The Paleo-Tethys Ocean began to form when back-arc spreading separated the European Hunic terranes from Gondwana in the late Ordovician, to begin moving toward Euramerica (also known as the Old Red Sandstone Continent) in the north. In the process, the plate under the Rheic Ocean between Euramerica and the European Hunic terranes subducted and rifts in this plate resulted in the formation of a small Rhenhercynian Ocean which lasted until Late Carboniferous time.

In the Early Devonian, the eastern part of the Paleo-Tethys opened up, when the Asiatic Hunic terranes, including the North and South China microcontinents, moved northward.

These events caused Proto-Tethys Ocean to shrink until the Late Carboniferous, when the Chinese blocks collided with Siberia.
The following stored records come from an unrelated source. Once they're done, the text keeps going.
lemma mult_exp_neg_le_powr:
  fixes d'' :: real
  assumes "d'' \<ge> 0" and d: "real d \<ge> 512 * (1 + d'')" and k: "0 < k" "k \<le> 2 ^ L"
  shows "real L * exp (- real (d * L) / 512) \<le> real k powr (- d'')"
proof -
  have "real L * exp (- real (d * L) / 512) \<le> exp (real L) * exp (- real (d * L) / 512)"
    using exp_ge_add_one_self[of "real L"] by (intro mult_right_mono) (linarith, simp)
  also have "\<dots> = exp (real L - real d * real L / 512)" by (simp add: exp_add[symmetric])
  also have "\<dots> \<le> exp (- (d'' * real L))"
    using mult_right_mono[OF d, of "real L"] by (simp add: algebra_simps)
  also have "\<dots> \<le> exp (- (d'' * (real L * ln 2)))"
  proof -
    have "real L * ln 2 \<le> real L" using ln_2_less_1 by (intro mult_right_le_one_le) auto
    then show ?thesis using \<open>d'' \<ge> 0\<close> by (intro exp_mono) (simp add: mult_left_mono)
  qed
  also have "\<dots> = (2 ^ L) powr (- d'')" by (simp add: powr_def ln_realpow)
  also have "\<dots> \<le> real k powr (- d'')"
  proof (rule powr_mono2')
    have "real k \<le> real (2 ^ L)" using k by linarith
    then show "real k \<le> 2 ^ L" by simp
  qed (use \<open>d'' \<ge> 0\<close> k in auto)
  finally show ?thesis .
qed

theorem lemma1:
  fixes d'' :: real
  assumes "d'' \<ge> 1"
  shows "\<exists>(d::nat) (eps'::real). d > 0 \<and> 0 < eps' \<and> eps' < 1 \<and>
    (\<forall>(P::real) (alpha::real) (noise::real) (beta::real) (eps::real)
       (N::nat) (L::nat) (V::nat set) (pos :: nat \<Rightarrow> real^2) (s::nat) (U::nat set).
       P > 0 \<longrightarrow> alpha > 2 \<longrightarrow> noise > 0 \<longrightarrow> beta \<ge> 1 \<longrightarrow> 0 < eps \<longrightarrow> eps < 1 \<longrightarrow>
       N = 2 ^ L \<longrightarrow> V \<subseteq> {1..N} \<longrightarrow> inj_on pos V \<longrightarrow>
       s \<in> V \<longrightarrow> U \<subseteq> V \<longrightarrow> U \<noteq> {} \<longrightarrow>
       (\<forall>u\<in>U. u \<noteq> s \<and> dist (pos u) (pos s) \<le> (1 - eps) * sinr_range P alpha noise beta) \<longrightarrow>
       measure_pmf.prob (esun_coins L d U)
         {omega. \<exists>x. esun_estimate P alpha noise beta eps pos L d eps' U s omega = Some x
                      \<and> card U \<le> x \<and> x \<le> 16 * card U}
       \<ge> 1 - real (card V) powr (- d''))"
proof -
  define d :: nat where "d = nat \<lceil>512 * (1 + d'')\<rceil>"
  have d: "real d \<ge> 512 * (1 + d'')" unfolding d_def by linarith
  then have "d > 0" using assms by (intro of_nat_less_imp_less) simp
  show ?thesis
  proof (intro exI[of _ d] exI[of _ "1/4::real"] conjI allI impI)
    fix P alpha noise beta eps :: real and N L :: nat and V U :: "nat set"
      and pos :: "nat \<Rightarrow> real^2" and s :: nat
    assume sinr: "P > 0" "alpha > 2" "noise > 0" "beta \<ge> 1" "0 < eps" "eps < 1"
      and V: "N = 2 ^ L" "V \<subseteq> {1..N}" "inj_on pos V" "s \<in> V" and U: "U \<subseteq> V" "U \<noteq> {}"
      and nbr: "\<forall>u\<in>U. u \<noteq> s \<and> dist (pos u) (pos s) \<le> (1 - eps) * sinr_range P alpha noise beta"
    have "finite V" "card V \<le> 2 ^ L" using V card_mono[of "{1..N}" V] finite_subset by auto
    moreover have "U \<subset> V" using U(1) V(4) nbr by blast
    then have "card U < card V" using \<open>finite V\<close> by (simp add: psubset_card_mono)
    moreover have "receives_some P alpha noise beta eps pos {u} s" if "u \<in> U" for u
    proof -
      have "u \<noteq> s" "u \<in> V" using that U nbr by auto
      then have "pos u \<noteq> pos s" using V(3,4) by (auto dest: inj_onD)
      then show ?thesis using \<open>u \<noteq> s\<close> that nbr by (intro receives_some_singleton[OF sinr]) auto
    qed
    ultimately have "1 - L * exp (- real (d*L) / 512)
        \<le> measure_pmf.prob (esun_coins L d U)
            {\<omega>. \<exists>x. esun_estimate P alpha noise beta eps pos L d (1/4) U s \<omega> = Some x
                   \<and> card U \<le> x \<and> x \<le> 16 * card U}"
      using U \<open>d > 0\<close> by (intro esun_estimate_prob_ge) (auto intro: finite_subset)
    moreover have "L * exp (- real (d*L) / 512) \<le> real (card V) powr (- d'')"
      using assms d \<open>card V \<le> 2 ^ L\<close> \<open>finite V\<close> V(4) by (intro mult_exp_neg_le_powr) (auto simp: card_gt_0_iff)
    ultimately show "measure_pmf.prob (esun_coins L d U)
        {\<omega>. \<exists>x. esun_estimate P alpha noise beta eps pos L d (1/4) U s \<omega> = Some x
               \<and> card U \<le> x \<and> x \<le> 16 * card U} \<ge> 1 - real (card V) powr (- d'')"
      by linarith
  qed (use \<open>d > 0\<close> in auto)
qed

end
In the Early Carboniferous however, a subduction zone developed south of the European Hunic terranes consuming Paleo-Tethys oceanic crust.
  Gondwana started moving north, and in the process the western part of the Paleo-Tethys would close.

In the Carboniferous continental collision took place between the Old Red Sandstone Continent and the European Hunic terrane, in North America this is called the Alleghenian orogeny, in Europe the Variscan orogeny. The Rheic Ocean had completely disappeared, and the western Paleo-Tethys was closing.

By the Late Permian, the small elongated Cimmerian plate (today's crust of Turkey, Iran, Tibet and parts of South-East Asia) broke away from Gondwana (now part of Pangaea). South of the Cimmerian continent a new ocean, the Tethys Ocean, was created. By the Late Triassic, all that was left of the Paleo-Tethys Ocean was a narrow seaway.

In the Early Jurassic epoch, as part of the Cimmerian Orogeny, the oceanic crust of the Paleo-Tethys subducted under the Cimmerian plate, closing the ocean from west to east. A last remnant of Paleo-Tethys Ocean might be an oceanic crust under the Black Sea. (Anatolia, to the sea's south, is a part of the original Cimmerian continent that formed the southern boundary of the Paleo-Tethys.)

The Paleo-Tethys Ocean sat where the Indian Ocean and Southern Asia are now located. The Equator ran the length of the sea, giving it a tropical climate. The shores and islands probably supported dense coal forests.